Now this is a new one and all we have seen in past, after the multiplication, each state in A transforms to its next state in B.
f(n) = f(n-1) + f(n-2) + c
f(n+1) = f(n) + f(n-1) + c
f(n+2) = f(n+1) + f(n) + c
.................... so on
So , normally we can’t get it through previous fashion, but how about we add c as a state:
| f(n) | | f(n+1) |
M X | f(n-1) | = | f(n) |
| c | | c |
Now, its not much hard to design M. Here’s how its done, but don’t forget to verify:
| 1 1 1 | | f(n) | | f(n+1) |
| 1 0 0 | X | f(n-1) | = | f(n) |
| 0 0 1 | | c | | c |
Type 5:
Let’s put it altogether: find f(n) = a X f(n-1) + c X f(n-3) + d X f(n-4) + e
.
Let’s leave it as an exercise for you. First try to find out the states and matrix M. And check if it matches with your solution. Also find matrix A and B.
| a 0 c d 1 |
| 1 0 0 0 0 |
| 0 1 0 0 0 |
| 0 0 1 0 0 |
| 0 0 0 0 1 |
Type 6:
Sometimes the recurrence is given like this:
f(n) = f(n-1) -> if n is odd
f(n) = f(n-2) -> if n is even
In short:
f(n) = (n&1) X f(n-1) + (!(n&1)) X f(n-2)

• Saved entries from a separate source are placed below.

(* Let $\mathfrak C$ be a monster model of a complete theory $T$. Let $\pi_1(\bar x,\bar y),\dots,\pi_n(\bar x,\bar y)$ be partial types without parameters, with $\bar x,\bar y$ short tuples of variables of the same length and sorts, let $\bar a$ be a tuple from $\mathfrak C$ corresponding to $\bar x$ (and $\bar y$), and let $\epsilon_1,\dots,\epsilon_n\in\{-1,1\}$. (i) $A_{\pi_1,\bar a}^{\epsilon_1}\cdots A_{\pi_n,\bar a}^{\epsilon_n}=\bigcap\{A_{\varphi_1,\bar a}^{\epsilon_1}\cdots A_{\varphi_n,\bar a}^{\epsilon_n}:\varphi_i(\bar x,\bar y)\text{ formulas with }\pi_1\vdash\varphi_1,\dots,\pi_n\vdash\varphi_n\}$. (ii) If $A_{\pi_1,\bar a}^{\epsilon_1}\cdots A_{\pi_n,\bar a}^{\epsilon_n}$ is contained in a relatively definable subset $A$ of $\mathrm{Aut}(\mathfrak C)$, then there are formulas $\varphi_i(\bar x,\bar y)$ implied by $\pi_i(\bar x,\bar y)$, $i=1,\dots,n$, such that $A_{\varphi_1,\bar a}^{\epsilon_1}\cdots A_{\varphi_n,\bar a}^{\epsilon_n}\subseteq A$.
   Context: $\mathfrak C$ is $\kappa$-saturated and strongly $\kappa$-homogeneous ($\kappa$ large); short means of length $<\kappa$. For a partial type (or formula) $\pi(\bar x,\bar y)$ without parameters and a tuple $\bar a$ from $\mathfrak C$, $A_{\pi,\bar a}=\{\sigma\in\mathrm{Aut}(\mathfrak C):\mathfrak C\models\pi(\sigma(\bar a),\bar a)\}$. A relatively definable subset of $\mathrm{Aut}(\mathfrak C)$ is one of the form $\{\sigma\in\mathrm{Aut}(\mathfrak C):\mathfrak C\models\psi(\sigma(\bar d),\bar e)\}$ for a formula $\psi$ without parameters and tuples $\bar d,\bar e$ from $\mathfrak C$. $X^{1}=X$ and $X^{-1}=\{\sigma^{-1}:\sigma\in X\}$; products are taken in the group. *)

theory Defs
  imports Main "HOL-Library.Equipollence"
begin

datatype ('f,'v) trm = Var 'v | App 'f "('f,'v) trm list"

datatype ('f,'r,'v) fm =
    FEq "('f,'v) trm" "('f,'v) trm"
  | FRel 'r "('f,'v) trm list"
  | FNeg "('f,'r,'v) fm"
  | FConj "('f,'r,'v) fm" "('f,'r,'v) fm"
  | FEx 'v "('f,'r,'v) fm"

record ('s,'f,'r,'v) lang =
  fsig :: "'f \<Rightarrow> 's list \<times> 's"
  rsig :: "'r \<Rightarrow> 's list"
  vsort :: "'v \<Rightarrow> 's"

inductive wt :: "('s,'f,'r,'v) lang \<Rightarrow> ('f,'v) trm \<Rightarrow> 's \<Rightarrow> bool" for L where
  "vsort L z = s \<Longrightarrow> wt L (Var z) s"
| "fsig L f = (ss, s) \<Longrightarrow> list_all2 (wt L) ts ss \<Longrightarrow> wt L (App f ts) s"

primrec wf_fm :: "('s,'f,'r,'v) lang \<Rightarrow> ('f,'r,'v) fm \<Rightarrow> bool" where
  "wf_fm L (FEq t u) = (\<exists>s. wt L t s \<and> wt L u s)"
| "wf_fm L (FRel r ts) = list_all2 (wt L) ts (rsig L r)"
| "wf_fm L (FNeg \<phi>) = wf_fm L \<phi>"
| "wf_fm L (FConj \<phi> \<psi>) = (wf_fm L \<phi> \<and> wf_fm L \<psi>)"
| "wf_fm L (FEx z \<phi>) = wf_fm L \<phi>"

fun fvt :: "('f,'v) trm \<Rightarrow> 'v set" where
  "fvt (Var z) = {z}"
| "fvt (App f ts) = (\<Union>t\<in>set ts. fvt t)"

primrec fv :: "('f,'r,'v) fm \<Rightarrow> 'v set" where
  "fv (FEq t u) = fvt t \<union> fvt u"
| "fv (FRel r ts) = (\<Union>t\<in>set ts. fvt t)"
| "fv (FNeg \<phi>) = fv \<phi>"
| "fv (FConj \<phi> \<psi>) = fv \<phi> \<union> fv \<psi>"
| "fv (FEx z \<phi>) = fv \<phi> - {z}"

definition sentence :: "('s,'f,'r,'v) lang \<Rightarrow> ('f,'r,'v) fm \<Rightarrow> bool" where
  "sentence L \<phi> \<longleftrightarrow> wf_fm L \<phi> \<and> fv \<phi> = {}"

record ('s,'f,'r,'a) struc =
  carr :: "'a set"
  esort :: "'a \<Rightarrow> 's"
  funs :: "'f \<Rightarrow> 'a list \<Rightarrow> 'a"
  rels :: "'r \<Rightarrow> 'a list \<Rightarrow> bool"

definition wf_struc :: "('s,'f,'r,'v) lang \<Rightarrow> ('s,'f,'r,'a) struc \<Rightarrow> bool" where
  "wf_struc L S \<longleftrightarrow>
     (\<forall>s. \<exists>b\<in>carr S. esort S b = s) \<and>
     (\<forall>f args. set args \<subseteq> carr S \<and> map (esort S) args = fst (fsig L f) \<longrightarrow>
        funs S f args \<in> carr S \<and> esort S (funs S f args) = snd (fsig L f))"

fun eval :: "('s,'f,'r,'a) struc \<Rightarrow> ('v \<Rightarrow> 'a) \<Rightarrow> ('f,'v) trm \<Rightarrow> 'a" where
  "eval S v (Var z) = v z"
| "eval S v (App f ts) = funs S f (map (eval S v) ts)"

primrec sat :: "('s,'f,'r,'v) lang \<Rightarrow> ('s,'f,'r,'a) struc \<Rightarrow> ('v \<Rightarrow> 'a) \<Rightarrow> ('f,'r,'v) fm \<Rightarrow> bool" where
  "sat L S v (FEq t u) = (eval S v t = eval S v u)"
| "sat L S v (FRel r ts) = rels S r (map (eval S v) ts)"
| "sat L S v (FNeg \<phi>) = (\<not> sat L S v \<phi>)"
| "sat L S v (FConj \<phi> \<psi>) = (sat L S v \<phi> \<and> sat L S v \<psi>)"
| "sat L S v (FEx z \<phi>) = (\<exists>b\<in>carr S. esort S b = vsort L z \<and> sat L S (v(z := b)) \<phi>)"

definition assignment :: "('s,'f,'r,'v) lang \<Rightarrow> ('s,'f,'r,'a) struc \<Rightarrow> ('v \<Rightarrow> 'a) \<Rightarrow> bool" where
  "assignment L S v \<longleftrightarrow> (\<forall>z. v z \<in> carr S \<and> esort S (v z) = vsort L z)"

definition is_model :: "('s,'f,'r,'v) lang \<Rightarrow> ('s,'f,'r,'a) struc \<Rightarrow> ('f,'r,'v) fm set \<Rightarrow> bool" where
  "is_model L S T \<longleftrightarrow> wf_struc L S \<and> (\<forall>\<phi>\<in>T. \<forall>v. sat L S v \<phi>)"

text \<open>Semantic consequence modulo T (\<open>\<Gamma> \<turnstile> \<phi>\<close> in T), over all models of T whose universe
  lies in the type 'a. Since 'a contains the monster model, by downward
  Loewenheim-Skolem this is the usual notion.\<close>
definition entails :: "('s,'f,'r,'v) lang \<Rightarrow> ('f,'r,'v) fm set \<Rightarrow> ('f,'r,'v) fm set
                        \<Rightarrow> ('f,'r,'v) fm \<Rightarrow> 'a itself \<Rightarrow> bool" where
  "entails L T \<Gamma> \<phi> _ \<longleftrightarrow>
     (\<forall>(N :: ('s,'f,'r,'a) struc) v. is_model L N T \<and> assignment L N v \<longrightarrow>
        (\<forall>\<psi>\<in>\<Gamma>. sat L N v \<psi>) \<longrightarrow> sat L N v \<phi>)"

definition complete_theory :: "('s,'f,'r,'v) lang \<Rightarrow> ('f,'r,'v) fm set \<Rightarrow> 'a itself \<Rightarrow> bool" where
  "complete_theory L T A \<longleftrightarrow>
     (\<forall>\<phi>\<in>T. sentence L \<phi>) \<and>
     (\<exists>N :: ('s,'f,'r,'a) struc. is_model L N T) \<and>
     (\<forall>\<phi>. sentence L \<phi> \<longrightarrow> entails L T T \<phi> A \<or> entails L T T (FNeg \<phi>) A)"

definition Aut :: "('s,'f,'r,'v) lang \<Rightarrow> ('s,'f,'r,'a) struc \<Rightarrow> ('a \<Rightarrow> 'a) set" where
  "Aut L M = {\<sigma>. bij_betw \<sigma> (carr M) (carr M) \<and> (\<forall>z. z \<notin> carr M \<longrightarrow> \<sigma> z = z) \<and>
     (\<forall>b\<in>carr M. esort M (\<sigma> b) = esort M b) \<and>
     (\<forall>f args. set args \<subseteq> carr M \<and> map (esort M) args = fst (fsig L f) \<longrightarrow>
         \<sigma> (funs M f args) = funs M f (map \<sigma> args)) \<and>
     (\<forall>r args. set args \<subseteq> carr M \<and> map (esort M) args = rsig L r \<longrightarrow>
         (rels M r (map \<sigma> args) \<longleftrightarrow> rels M r args))}"

text \<open>Group inverse in Aut(M) (automorphisms are the identity outside the universe).\<close>
definition ginv :: "('s,'f,'r,'a) struc \<Rightarrow> ('a \<Rightarrow> 'a) \<Rightarrow> ('a \<Rightarrow> 'a)" where
  "ginv M \<sigma> = (\<lambda>z. if z \<in> carr M then inv_into (carr M) \<sigma> z else z)"

definition setpow :: "('s,'f,'r,'a) struc \<Rightarrow> ('a \<Rightarrow> 'a) set \<Rightarrow> int \<Rightarrow> ('a \<Rightarrow> 'a) set" where
  "setpow M X e = (if e = 1 then X else ginv M ` X)"

definition setmul :: "('a \<Rightarrow> 'a) set \<Rightarrow> ('a \<Rightarrow> 'a) set \<Rightarrow> ('a \<Rightarrow> 'a) set" where
  "setmul X Y = {\<sigma> \<circ> \<tau> | \<sigma> \<tau>. \<sigma> \<in> X \<and> \<tau> \<in> Y}"

text \<open>\<open>setprods M X e n = X_0^{e_0} \<cdots> X_{n-1}^{e_{n-1}}\<close> (indices shifted to start at 0).\<close>
fun setprods :: "('s,'f,'r,'a) struc \<Rightarrow> (nat \<Rightarrow> ('a \<Rightarrow> 'a) set) \<Rightarrow> (nat \<Rightarrow> int) \<Rightarrow> nat
                 \<Rightarrow> ('a \<Rightarrow> 'a) set" where
  "setprods M X e 0 = {id}"
| "setprods M X e (Suc k) = setmul (setprods M X e k) (setpow M (X k) (e k))"

text \<open>\<open>\<kappa>\<close> is represented as the cardinality of a set K; "short" means \<open>\<prec> K\<close>.\<close>

definition saturated :: "('s,'f,'r,'v) lang \<Rightarrow> ('s,'f,'r,'a) struc \<Rightarrow> 'k set \<Rightarrow> bool" where
  "saturated L M K \<longleftrightarrow>
    (\<forall>B z \<Phi> e. B \<subseteq> carr M \<and> B \<prec> K \<and>
       (\<forall>\<phi>\<in>\<Phi>. wf_fm L \<phi> \<and> (\<forall>w\<in>fv \<phi> - {z}. e w \<in> B \<and> esort M (e w) = vsort L w)) \<and>
       (\<forall>\<Phi>0. \<Phi>0 \<subseteq> \<Phi> \<and> finite \<Phi>0 \<longrightarrow>
          (\<exists>b\<in>carr M. esort M b = vsort L z \<and> (\<forall>\<phi>\<in>\<Phi>0. sat L M (e(z := b)) \<phi>)))
     \<longrightarrow> (\<exists>b\<in>carr M. esort M b = vsort L z \<and> (\<forall>\<phi>\<in>\<Phi>. sat L M (e(z := b)) \<phi>)))"

definition elementary_on :: "('s,'f,'r,'v) lang \<Rightarrow> ('s,'f,'r,'a) struc \<Rightarrow> 'a set \<Rightarrow> ('a \<Rightarrow> 'a) \<Rightarrow> bool" where
  "elementary_on L M B f \<longleftrightarrow>
     (\<forall>b\<in>B. f b \<in> carr M \<and> esort M (f b) = esort M b) \<and>
     (\<forall>\<phi> e. wf_fm L \<phi> \<and> (\<forall>w\<in>fv \<phi>. e w \<in> B \<and> esort M (e w) = vsort L w) \<longrightarrow>
        (sat L M e \<phi> \<longleftrightarrow> sat L M (f \<circ> e) \<phi>))"

definition strongly_homogeneous :: "('s,'f,'r,'v) lang \<Rightarrow> ('s,'f,'r,'a) struc \<Rightarrow> 'k set \<Rightarrow> bool" where
  "strongly_homogeneous L M K \<longleftrightarrow>
    (\<forall>B f. B \<subseteq> carr M \<and> B \<prec> K \<and> elementary_on L M B f \<longrightarrow>
       (\<exists>\<sigma>\<in>Aut L M. \<forall>b\<in>B. \<sigma> b = f b))"

text \<open>M is a monster model of the complete theory T: a model of T which is
  \<open>\<kappa>\<close>-saturated and strongly \<open>\<kappa>\<close>-homogeneous, with \<open>\<kappa> = |K|\<close> large, i.e.
  \<open>\<kappa> > |T| = |L| + \<aleph>\<^sub>0\<close>; there are at least \<open>\<kappa>\<close> variables of every sort.\<close>
definition monster :: "('s,'f,'r,'v) lang \<Rightarrow> ('f,'r,'v) fm set \<Rightarrow> ('s,'f,'r,'a) struc
                       \<Rightarrow> 'k set \<Rightarrow> bool" where
  "monster L T M K \<longleftrightarrow>
     complete_theory L T TYPE('a) \<and> is_model L M T \<and>
     infinite K \<and> (UNIV :: 's set) \<prec> K \<and> (UNIV :: 'f set) \<prec> K \<and> (UNIV :: 'r set) \<prec> K \<and>
     (\<forall>s. K \<lesssim> {z. vsort L z = s}) \<and>
     saturated L M K \<and> strongly_homogeneous L M K"

definition fm_in :: "('s,'f,'r,'v) lang \<Rightarrow> ('i \<Rightarrow> 'v) \<Rightarrow> ('i \<Rightarrow> 'v) \<Rightarrow> ('f,'r,'v) fm \<Rightarrow> bool" where
  "fm_in L x y \<phi> \<longleftrightarrow> wf_fm L \<phi> \<and> fv \<phi> \<subseteq> range x \<union> range y"

definition tup_asg :: "('i \<Rightarrow> 'v) \<Rightarrow> ('i \<Rightarrow> 'v) \<Rightarrow> ('a \<Rightarrow> 'a) \<Rightarrow> ('i \<Rightarrow> 'a) \<Rightarrow> 'v \<Rightarrow> 'a" where
  "tup_asg x y \<sigma> a = (\<lambda>z. if z \<in> range x then \<sigma> (a (inv x z))
                         else if z \<in> range y then a (inv y z) else undefined)"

Here, we can split the functions in the basis of odd even and keep 2 different matrix for both of them and calculate them separately.
Type 7:
Feeling little too confident? Good for you. Sometimes we may need to maintain more than one recurrence, where they are interested. For example, let a recurrence re;atopm be:
g(n) = 2g(n-1) + 2g(n-2) + f(n)
Here, recurrence g(n) is dependent upon f(n)
and this can be calculated in the same matrix but of increased dimensions. From these let’s at first design the matrices A and B.
Matrix A Matrix B
| g(n) | | g(n+1) |
| g(n-1) | | g(n) |
| f(n+1) | | f(n+2) |
| f(n) | | f(n+1) |
Here, g(n+1) = 2g(n-1) + f(n+1) and f(n+2) = 2f(n+1) + 2f(n)
.
Now, using the processes stated above, we can find the objective matrix M to be:
| 2 2 1 0 |
| 1 0 0 0 |
| 0 0 2 2 |
| 0 0 1 0 |
So, these are the basic categories of recurrence relations which are used to solveby this simple technique.